The steganographic encoding format (the format of data inserted into
the lowest-order bits of the image) is as follows:

  +-----+-----------     -----+--------------------------------
  |  A  |  B  B  B  . . .  B  |  C  C  C  C  C  C  C  C  C  C  . . .
  +-----+-----------     -----+--------------------------------

  "A" is five bits.  It expresses the length (in bits) of field B.
  Order is most-significant-bit first.

  "B" is some number of bits from zero to thirty-one.  It expresses
  the length (in bytes) of the injection file.  Order is again
  most-significant-bit first.  The range of values for "B" is 0 to
  one billion.

  "C" is the bits in the injection file.  No ordering is implicit on
  the bit stream.

This format is designed to make the steganographic data as innocuous
as possible.  (As one would expect, there is no magic cookie at the
front giving the format).  We are forced to have a length field at the
beginning of the data, since any sort of in-band EOF tag would be
infeasible.

Expressing the length field as a raw series of bits representing an
integer would be dangerous, however; for any sort of small
steganographic file, there would be a long string of zeroes in the
field---very easy to detect.  By stripping off the zeroes and creating
a secondary length field for our primary length field(!), we greatly
reduce the problem.  The five bits for the secondary length field is
small enough that runs of zeroes are not a problem, and it allows a
primary length field of up to thirty-one bits.
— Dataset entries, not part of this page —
theorem mainTheorem8:
  fixes X :: "'a::euclidean_space set" and Y :: "'b::euclidean_space set"
    and f :: "'a \<Rightarrow> 'b \<Rightarrow> real"
    and gx :: "'a \<Rightarrow> 'b \<Rightarrow> 'a" and gy :: "'a \<Rightarrow> 'b \<Rightarrow> 'b"
    and Lx Ly r1 r2 \<tau> \<theta> :: real
  assumes X: "convex X" "compact X" "X \<noteq> {}"
    and Y: "convex Y" "compact Y" "Y \<noteq> {}"
    and deriv: "\<And>x y. ((\<lambda>p. f (fst p) (snd p)) has_derivative
                   (\<lambda>h. inner (gx x y) (fst h) + inner (gy x y) (snd h))) (at (x, y))"
    and cont_gx: "continuous_on UNIV (\<lambda>p. gx (fst p) (snd p))"
    and cont_gy: "continuous_on UNIV (\<lambda>p. gy (fst p) (snd p))"
    and Lpos: "Lx > 0" "Ly > 0"
    and Lip_x: "\<And>x x' y y'. x \<in> X \<Longrightarrow> x' \<in> X \<Longrightarrow> y \<in> Y \<Longrightarrow> y' \<in> Y \<Longrightarrow>
                  norm (gx x y - gx x' y') \<le> Lx * (norm (x - x') + norm (y - y'))"
    and Lip_y: "\<And>x x' y y'. x \<in> X \<Longrightarrow> x' \<in> X \<Longrightarrow> y \<in> Y \<Longrightarrow> y' \<in> Y \<Longrightarrow>
                  norm (gy x y - gy x' y') \<le> Ly * (norm (x - x') + norm (y - y'))"
    and r1: "r1 > Lx" and r2: "r2 > Ly"
    and tau: "\<tau> > 0" and theta: "0 < \<theta>" "\<theta> < 1"
    and max_att: "\<And>x. x \<in> X \<Longrightarrow> \<exists>y\<in>Y. \<forall>y'\<in>Y. f x y' \<le> f x y"
    and KL: "\<And>x y. x \<in> X \<Longrightarrow> y \<in> Y \<Longrightarrow>
               (primal_max Y f x - f x y) powr \<theta>
                 \<le> (1 / \<tau>) * infdist 0 ((\<lambda>v. - gy x y + v) ` normal_cone Y y)"
  shows "\<exists>C>0. \<forall>\<epsilon>>0. \<forall>x y. game_stationary X Y gx gy \<epsilon> x y \<longrightarrow>
           opt_stationary X Y f r1 (C * \<epsilon> powr (min 1 (1 / (2 * \<theta>)))) x"
proof -
  have partial: "\<And>x y. ((\<lambda>x. f x y) has_derivative (\<lambda>h. inner (gx x y) h)) (at x)"
    by (rule has_derivative_partial_fst[OF deriv])
  have lower: "f x y + inner (gx x y) (u - x) - Lx / 2 * (norm (u - x))\<^sup>2 \<le> f u y"
    if "x \<in> X" "u \<in> X" "y \<in> Y" for x u y
    by (rule lipschitz_gradient_lower_bound[where g="\<lambda>x. gx x y", OF X(1)])
      (use partial Lip_x[of _ _ y y] that in auto)
  note prox = prox_point_primal_max_minimizes[OF X Y(2) partial
      continuous_on_subset[OF cont_gx subset_UNIV] lower max_att r1]
  define q where "q = 1 / (2 * \<theta>)"
  define C where "C = diameter X + 4 / (r1 - Lx) + 2 / (\<tau> powr q * sqrt (r1 - Lx))"
  have diam: "0 \<le> diameter X" "\<And>u x. u \<in> X \<Longrightarrow> x \<in> X \<Longrightarrow> norm (u - x) \<le> diameter X"
    using diameter_ge_0 diameter_bounded_bound[of X, unfolded dist_norm] compact_imp_bounded[OF X(2)]
    by auto
  show ?thesis
  proof (intro exI[of _ C] conjI allI impI)
    show "0 < C"
      using r1 tau diam by (simp add: C_def add_nonneg_pos)
    fix \<epsilon> :: real and x y
    assume "0 < \<epsilon>" "game_stationary X Y gx gy \<epsilon> x y"
    then have x: "x \<in> X" and y: "y \<in> Y"
      and stat_x: "infdist 0 ((\<lambda>v. gx x y + v) ` normal_cone X x) \<le> \<epsilon>"
      and stat_y: "infdist 0 ((\<lambda>v. - gy x y + v) ` normal_cone Y y) \<le> \<epsilon>"
      by (auto simp: game_stationary_def)
    define p where "p = prox_point X Y f r1 x"
    have p: "p \<in> X" "primal_max Y f p + r1 / 2 * (norm (p - x))\<^sup>2 \<le> primal_max Y f x"
      using prox[of x] x by (auto simp: p_def)
    have "f x y \<le> primal_max Y f x" "f p y \<le> primal_max Y f p"
      using primal_max_upper[of y Y f] y max_att x p(1) by blast+
    moreover have "(primal_max Y f x - f x y) powr \<theta> \<le> \<epsilon> / \<tau>"
      using KL[OF x y] divide_right_mono[OF stat_y, of \<tau>] tau by simp
    ultimately have "norm (p - x) \<le> 4 / (r1 - Lx) * \<epsilon> + 2 / (\<tau> powr q * sqrt (r1 - Lx)) * \<epsilon> powr q"
      unfolding q_def using lower[OF x p(1) y] p x r1 stat_x \<open>0 < \<epsilon>\<close> tau theta
      by (intro prox_distance_le_rate[of x X p]) auto
    then show "opt_stationary X Y f r1 (C * \<epsilon> powr min 1 (1 / (2 * \<theta>))) x"
      unfolding opt_stationary_def C_def p_def[symmetric] q_def[symmetric]
      using r1 tau theta \<open>0 < \<epsilon>\<close> diam p(1) x by (intro le_min_powr_rate) (auto simp: q_def)
  qed
qed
There is still a danger in that the sixth bit of the stream will
always be one; this is solved by tacking an extra zero onto the
beginning of the primary length field in half the cases.  This helps
randomize the output, although it reduces the representable data size
to one gigabyte.

The storage effectiveness for this steganographic technique is
reasonable, but not astounding.  Using the simple encoding criteria
described above, an N kilobyte data file fits when the resulting
JPEG/JFIF file is around C*N kilobytes, where C ranges from eight to
ten.  This is not much worse than raw 24-bit insertion, and the
possibility of tweaking with regards to colorspace could produce even
better results.  Compressing the steganographic file before injection
does not seem to greatly harm compression in the envelope image; the
data spreading that occurs during injection increases entropy enough
for Huffmann coding to work.

Derek Upham
upham@cs.ubc.ca